John Rainey — Chief Financial Officer and Executive Vice President, Global Customer Operations
Happy to address that Brian. So again, I want to repeat the number because it’s a whopping number 38% incremental operating margins in the quarter. That really demonstrates the scalability of our platform, particularly, particularly when you think about the level of investment that we’ve had internally and you can look at some of the year-over-year comps in our expense line items and you get an idea of that, but I think there is a number of different areas. But a couple of that obviously stand out are the transaction-related operating expenses of transaction expense and transaction loss.
To have record lows in both those again — the improvements that we’ve made in our risk capabilities to drive down transaction losses has just been tremendous and we start talking about this probably five or six quarters ago. And look, I don’t know if we’re going to come in at 10 basis points, every quarter, I certainly would hope so, but that is performance that was really hard to imagine a couple of years ago. But the improvements there that we made in terms of the capabilities are definitely sustainable. On transaction expense, look, I think you can pick in any one part of our P&L. And like take rate as an example. We saw declines there. Some of that’s related to mix. Like, we’re obviously doing as an example, more bill payment right now, which carries a lower take rate.
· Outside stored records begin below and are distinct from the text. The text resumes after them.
(* Let $K\ge 2$, $n\ge K$ and $1\le m\le K-1$ be integers, and let $\nu_1,\dots,\nu_K$ be probability distributions supported on $[0,1]$ with means $\mu_1>\mu_2>\cdots>\mu_K$. Let $J_1,\dots,J_m$ be the arms accepted by the SAR (Successive Accepts and Rejects) algorithm, described in the context, run on these arms with budget $n$. Then the probability of error $$e_n=\mathbb{P}\big(\{J_1,\dots,J_m\}\neq\{1,\dots,m\}\big)$$ satisfies $$e_n\le 2K^2\exp\left(-\frac{n-K}{8\,\overline{\log}(K)\,H_2^{\langle m\rangle}}\right),$$ where $\overline{\log}(K)=\frac12+\sum_{i=2}^K\frac1i$.
   Context: Bandit model ($m$-best arms identification). There are $K$ arms, and arm $i$ has an unknown distribution $\nu_i$ on $[0,1]$ with mean $\mu_i$. At each round $t=1,\dots,n$ the agent chooses an arm $I_t$ (possibly depending on past observations) and observes a reward drawn from $\nu_{I_t}$, independently of the past given $I_t$. Write $X_{i,1},X_{i,2},\dots$ for the successive rewards obtained from arm $i$, and $\widehat\mu_{i,s}=\frac1s\sum_{t=1}^sX_{i,t}$ for the empirical mean of arm $i$ after $s$ pulls. Gaps and complexity. Define $\Delta_i^{\langle m\rangle}=\mu_i-\mu_{m+1}$ if $i\le m$, and $\Delta_i^{\langle m\rangle}=\mu_m-\mu_i$ if $i>m$. Let $(1),\dots,(K)$ be an ordering of $\{1,\dots,K\}$ such that $\Delta_{(1)}^{\langle m\rangle}\le\cdots\le\Delta_{(K)}^{\langle m\rangle}$, and set $H_2^{\langle m\rangle}=\max_{i\in\{1,\dots,K\}} i\,\big(\Delta_{(i)}^{\langle m\rangle}\big)^{-2}$. SAR algorithm. Let $A_1=\{1,\dots,K\}$, $m(1)=m$, $\overline{\log}(K)=\frac12+\sum_{i=2}^K\frac1i$, $n_0=0$, and for $k\in\{1,\dots,K-1\}$ let $n_k=\left\lceil\frac{1}{\overline{\log}(K)}\frac{n-K}{K+1-k}\right\rceil$. For each phase $k=1,\dots,K-1$: (1) Pull each active arm $i\in A_k$ exactly $n_k-n_{k-1}$ times (so that afterwards every arm of $A_k$ has been pulled $n_k$ times in total). (2) Let $\sigma_k:\{1,\dots,K+1-k\}\to A_k$ be a bijection with $\widehat\mu_{\sigma_k(1),n_k}\ge\widehat\mu_{\sigma_k(2),n_k}\ge\cdots\ge\widehat\mu_{\sigma_k(K+1-k),n_k}$. For $1\le r\le K+1-k$ define the empirical gaps $\widehat\Delta_{\sigma_k(r),n_k}=\widehat\mu_{\sigma_k(r),n_k}-\widehat\mu_{\sigma_k(m(k)+1),n_k}$ if $r\le m(k)$, and $\widehat\Delta_{\sigma_k(r),n_k}=\widehat\mu_{\sigma_k(m(k)),n_k}-\widehat\mu_{\sigma_k(r),n_k}$ if $r\ge m(k)+1$. (3) Let $i_k\in\arg\max_{i\in A_k}\widehat\Delta_{i,n_k}$ (ties broken arbitrarily) and deactivate it: $A_{k+1}=A_k\setminus\{i_k\}$. (4) If $\widehat\mu_{i_k,n_k}>\widehat\mu_{\sigma_k(m(k)+1),n_k}$, arm $i_k$ is accepted: set $m(k+1)=m(k)-1$ and $J_{m-m(k+1)}=i_k$; otherwise $i_k$ is rejected and $m(k+1)=m(k)$. Output: the accepted arms $J_1,\dots,J_m$. *)

theory Defs
  imports "HOL-Probability.Probability"
begin

definition logbar :: "nat \<Rightarrow> real" where
  "logbar K = 1/2 + (\<Sum>i=2..K. 1 / real i)"

definition nk :: "nat \<Rightarrow> nat \<Rightarrow> nat \<Rightarrow> nat" where
  "nk K n k = (if k = 0 then 0
     else nat \<lceil>(1 / logbar K) * ((real n - real K) / real (K + 1 - k))\<rceil>)"

definition gapm :: "(nat \<Rightarrow> real) \<Rightarrow> nat \<Rightarrow> nat \<Rightarrow> real" where
  "gapm \<mu> m i = (if i \<le> m then \<mu> i - \<mu> (m + 1) else \<mu> m - \<mu> i)"

definition H2 :: "nat \<Rightarrow> (nat \<Rightarrow> real) \<Rightarrow> nat \<Rightarrow> real" where
  "H2 K \<mu> m = Max ((\<lambda>i. real i / (sort (map (gapm \<mu> m) [1..<K+1]) ! (i - 1))\<^sup>2) ` {1..K})"

text \<open>Empirical mean of arm i after s pulls, from the reward table X i t.\<close>
definition emp_mean :: "(nat \<Rightarrow> nat \<Rightarrow> 'a \<Rightarrow> real) \<Rightarrow> 'a \<Rightarrow> nat \<Rightarrow> nat \<Rightarrow> real" where
  "emp_mean X \<omega> i s = (\<Sum>t=1..s. X i t \<omega>) / real s"

text \<open>One phase k of SAR, state = (active set A_k, m(k), set of accepted arms).
  All tie-breaking (choice of sigma_k and of i_k) is existential.
  Convention for degenerate positions: the value at rank 0 is +infinity and the
  value at rank card A + 1 is -infinity.\<close>
definition sar_step :: "nat \<Rightarrow> nat \<Rightarrow> (nat \<Rightarrow> nat \<Rightarrow> 'a \<Rightarrow> real) \<Rightarrow> 'a \<Rightarrow> nat
    \<Rightarrow> nat set \<times> nat \<times> nat set \<Rightarrow> nat set \<times> nat \<times> nat set \<Rightarrow> bool" where
  "sar_step K n X \<omega> k st st' \<longleftrightarrow>
     (case st of (A, mm, Acc) \<Rightarrow>
       (let mu = (\<lambda>i. emp_mean X \<omega> i (nk K n k)); c = card A in
        \<exists>\<sigma> i. bij_betw \<sigma> {1..c} A
          \<and> (\<forall>r\<in>{1..c}. \<forall>r'\<in>{1..c}. r \<le> r' \<longrightarrow> mu (\<sigma> r') \<le> mu (\<sigma> r))
          \<and> (let val = (\<lambda>r. if r = 0 then PInfty else if c < r then MInfty else ereal (mu (\<sigma> r)));
                 gap = (\<lambda>j. let r = inv_into {1..c} \<sigma> j in
                          if r \<le> mm then val r - val (mm + 1) else val mm - val r)
             in i \<in> A \<and> (\<forall>j\<in>A. gap j \<le> gap i)
                \<and> st' = (if val (mm + 1) < ereal (mu i)
                         then (A - {i}, mm - 1, insert i Acc)
                         else (A - {i}, mm, Acc)))))"

text \<open>All possible outputs (sets of accepted arms) of SAR on outcome omega,
  over all admissible tie-breakings. If after the K-1 phases the remaining
  arm still has to be accepted (m(K) = |A_K|) it is accepted.\<close>
definition sar_outputs :: "nat \<Rightarrow> nat \<Rightarrow> nat \<Rightarrow> (nat \<Rightarrow> nat \<Rightarrow> 'a \<Rightarrow> real) \<Rightarrow> 'a \<Rightarrow> nat set set" where
  "sar_outputs K m n X \<omega> = {out. \<exists>st. st 1 = ({1..K}, m, {})
      \<and> (\<forall>k\<in>{1..K-1}. sar_step K n X \<omega> k (st k) (st (Suc k)))
      \<and> out = (case st K of (A, mm, Acc) \<Rightarrow> if mm = card A then Acc \<union> A else Acc)}"

definition sar_error_event :: "'a measure \<Rightarrow> nat \<Rightarrow> nat \<Rightarrow> nat \<Rightarrow> (nat \<Rightarrow> nat \<Rightarrow> 'a \<Rightarrow> real) \<Rightarrow> 'a set" where
  "sar_error_event M K m n X = {\<omega>\<in>space M. \<exists>out\<in>sar_outputs K m n X \<omega>. out \<noteq> {1..m}}"

end

theory Submission
  imports Defs
begin

(* Idea: in phase k there are K + 1 - k active arms, but at most K - k arms have gap smaller
   than Delta_(K+1-k), so some active arm has gap at least Delta_(K+1-k). If every active empirical mean lies within
   delta = Delta_(K+1-k)/4 of its mean, that arm has empirical gap greater than 2 delta, while any
   arm that SAR would misclassify has empirical gap less than 2 delta; hence the arm with maximal
   empirical gap is classified correctly, and by induction over the phases SAR returns {1..m}.
   Hoeffding's inequality bounds the probability that a given arm is inaccurate in a given phase
   by 2 exp(-n_k Delta_(K+1-k)^2 / 8), and n_k Delta_(K+1-k)^2 >= (n - K) / (logbar K * H_2);
   a union bound over the K (K - 1) pairs (phase, arm) concludes. *)

section \<open>Sorted enumerations and empirical gaps\<close>

lemma card_eq_diffs_nonempty:
  assumes "finite S" "finite T" "card S = card T" "S \<noteq> T"
  shows "S - T \<noteq> {}" and "T - S \<noteq> {}"
  using assms card_subset_eq by (metis Diff_eq_empty_iff)+

definition ranked_value :: "nat \<Rightarrow> ('a \<Rightarrow> real) \<Rightarrow> (nat \<Rightarrow> 'a) \<Rightarrow> nat \<Rightarrow> ereal" where
  "ranked_value c f \<sigma> r = (if r = 0 then PInfty else if c < r then MInfty else ereal (f (\<sigma> r)))"

definition ranked_gap :: "nat \<Rightarrow> nat \<Rightarrow> ('a \<Rightarrow> real) \<Rightarrow> (nat \<Rightarrow> 'a) \<Rightarrow> 'a \<Rightarrow> ereal" where
  "ranked_gap c mm f \<sigma> j = (let r = inv_into {1..c} \<sigma> j in
     if r \<le> mm then ranked_value c f \<sigma> r - ranked_value c f \<sigma> (mm + 1)
     else ranked_value c f \<sigma> mm - ranked_value c f \<sigma> r)"

locale sorted_enum =
  fixes A :: "'a set" and \<sigma> :: "nat \<Rightarrow> 'a" and f :: "'a \<Rightarrow> real"
  assumes bij: "bij_betw \<sigma> {1..card A} A"
    and sorted: "\<forall>r\<in>{1..card A}. \<forall>r'\<in>{1..card A}. r \<le> r' \<longrightarrow> f (\<sigma> r') \<le> f (\<sigma> r)"
begin

definition rank :: "'a \<Rightarrow> nat" where
  "rank j = inv_into {1..card A} \<sigma> j"

lemma finite_A: "finite A"
  using bij_betw_finite[OF bij] by simp

lemma rank_in: "j \<in> A \<Longrightarrow> rank j \<in> {1..card A}"
  unfolding rank_def using bij by (metis bij_betw_def inv_into_into)

lemma sigma_rank: "j \<in> A \<Longrightarrow> \<sigma> (rank j) = j"
  unfolding rank_def using bij by (metis bij_betw_def f_inv_into_f)

lemma rank_sigma: "r \<in> {1..card A} \<Longrightarrow> rank (\<sigma> r) = r"
  unfolding rank_def using bij by (simp add: bij_betw_def)

lemma sigma_in: "r \<in> {1..card A} \<Longrightarrow> \<sigma> r \<in> A"
  using bij by (auto simp: bij_betw_def)

lemma f_sigma_le: "j \<in> A \<Longrightarrow> r \<in> {1..card A} \<Longrightarrow> rank j \<le> r \<Longrightarrow> f (\<sigma> r) \<le> f j"
  using sorted rank_in sigma_rank by metis

lemma f_le_sigma: "j \<in> A \<Longrightarrow> r \<in> {1..card A} \<Longrightarrow> r \<le> rank j \<Longrightarrow> f j \<le> f (\<sigma> r)"
  using sorted rank_in sigma_rank by metis

lemma card_rank_le:
  assumes "r \<le> card A"
  shows "card {j\<in>A. rank j \<le> r} = r"
proof -
  have "{j\<in>A. rank j \<le> r} = \<sigma> ` {1..r}"
    using assms rank_in sigma_rank rank_sigma sigma_in by (force simp: image_iff)
  moreover have "inj_on \<sigma> {1..r}"
    using assms bij by (auto simp: bij_betw_def intro: inj_on_subset)
  ultimately show ?thesis by (simp add: card_image)
qed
While at same time it carries a lower transaction expense. And so we’ve always focused on that margin between the two. And again, to have a margin, a transaction margin approaching 60% this quarter we’re really pleased about it. And so the obvious question is where does that level out over time? Does it go down from 80 basis points? Does it go up from 80 basis points? It’s tough to tell, but I certainly don’t think that we’re going to see levels that we saw pre-pandemic. There may be some inflation, but I think all the mix changes in our business and what we’re seeing around the pull forward of e-commerce we would expect transaction expense to remain at lower levels pre-pandemic, which again gives us the just amazing leverage that we have on this platform.
Bryan Keane — Deutsche Bank — Analyst
Got it. Congrats on the quarter.
John Rainey — Chief Financial Officer and Executive Vice President, Global Customer Operations
Thank you.
Operator
That was the last question for the call today. I will now pass the call back to Dan for closing remarks.
Dan Schulman — President and Chief Executive Officer
Yeah. Thanks so much. Thanks everybody for all your questions and thank you for the time you spent with us today. I hope that all of you and your families are safe and healthy. We look forward to not just speaking to all of you soon but hopefully seeing all of you soon as well. So again, thank you for your time. Take care, and goodbye.